_What you are asked to do:_
Identify each line below that contains the word "linarith", and copy it out.

_Dataset entries:_
theorem theorem1:
  fixes gam :: real and wRU wLU wLD wRD :: prim
  assumes "1 < gam" and "gam \<le> 2"
    and "prim_admissible wRU" "prim_admissible wLU"
    and "prim_admissible wLD" "prim_admissible wRD"
  defines "Ws \<equiv> {wLD, wRD, wLU, wRU}"
  defines "SL \<equiv> 2 * Min (lam_min gam 1 ` Ws)"
    and "SR \<equiv> 2 * Max (lam_max gam 1 ` Ws)"
    and "SD \<equiv> 2 * Min (lam_min gam 2 ` Ws)"
    and "SU \<equiv> 2 * Max (lam_max gam 2 ` Ws)"
  assumes "SL < 0" "0 < SR" "SD < 0" "0 < SU"
  defines "Ustar \<equiv>
      (1 / ((SR - SL) * (SU - SD))) *\<^sub>R
        ((SR * SU) *\<^sub>R cons gam wRU + (SL * SD) *\<^sub>R cons gam wLD
         - (SR * SD) *\<^sub>R cons gam wRD - (SL * SU) *\<^sub>R cons gam wLU)
    - (1 / ((SR - SL) * (SU - SD))) *\<^sub>R
        (SU *\<^sub>R (flux gam 1 wRU - flux gam 1 wLU)
         - SD *\<^sub>R (flux gam 1 wRD - flux gam 1 wLD))
    - (1 / ((SR - SL) * (SU - SD))) *\<^sub>R
        (SR *\<^sub>R (flux gam 2 wRU - flux gam 2 wRD)
         - SL *\<^sub>R (flux gam 2 wLU - flux gam 2 wLD))"
  shows "Ustar \<in> adm_set \<and> Ustar$1 > 0 \<and> Ustar$4 > 0
         \<and> (Ustar$4)\<^sup>2 - (Ustar$1)\<^sup>2 - ((Ustar$2)\<^sup>2 + (Ustar$3)\<^sup>2) > 0"
proof -
  have waves: "(SR / 2) *\<^sub>R cons gam w - flux gam 1 w \<in> adm_set"
    "(SU / 2) *\<^sub>R cons gam w - flux gam 2 w \<in> adm_set"
    "flux gam 1 w - (SL / 2) *\<^sub>R cons gam w \<in> adm_set"
    "flux gam 2 w - (SD / 2) *\<^sub>R cons gam w \<in> adm_set" if "w \<in> Ws" for w
  proof -
    have "finite Ws" "prim_admissible w"
      using that assms(3-6) by (auto simp: Ws_def)
    with that assms(1,2) show "(SR / 2) *\<^sub>R cons gam w - flux gam 1 w \<in> adm_set"
      "(SU / 2) *\<^sub>R cons gam w - flux gam 2 w \<in> adm_set"
      "flux gam 1 w - (SL / 2) *\<^sub>R cons gam w \<in> adm_set"
      "flux gam 2 w - (SD / 2) *\<^sub>R cons gam w \<in> adm_set"
      unfolding SR_def SU_def SL_def SD_def
      by (auto intro!: scaled_cons_minus_flux_in_adm_set flux_minus_scaled_cons_in_adm_set Max_ge Min_le)
  qed
  have mem: "wRU \<in> Ws" "wLU \<in> Ws" "wRD \<in> Ws" "wLD \<in> Ws"
    by (simp_all add: Ws_def)
  have pos: "0 < SU" "0 < SR" "0 < - SL" "0 < - SD"
    using \<open>SL < 0\<close> \<open>0 < SR\<close> \<open>SD < 0\<close> \<open>0 < SU\<close> by linarith+
  then have "0 < 1 / ((SR - SL) * (SU - SD))"
    by (simp only: zero_less_divide_1_iff) (intro mult_pos_pos; linarith)
  then have "Ustar \<in> adm_set"
    unfolding Ustar_def hll_state_decomposition
    by (intro adm_set_scaleR adm_set_add waves mem pos)
  then show ?thesis
    by (simp add: adm_set_iff)
qed

end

_Response to this task:_
    using \<open>SL < 0\<close> \<open>0 < SR\<close> \<open>SD < 0\<close> \<open>0 < SU\<close> by linarith+
    by (simp only: zero_less_divide_1_iff) (intro mult_pos_pos; linarith)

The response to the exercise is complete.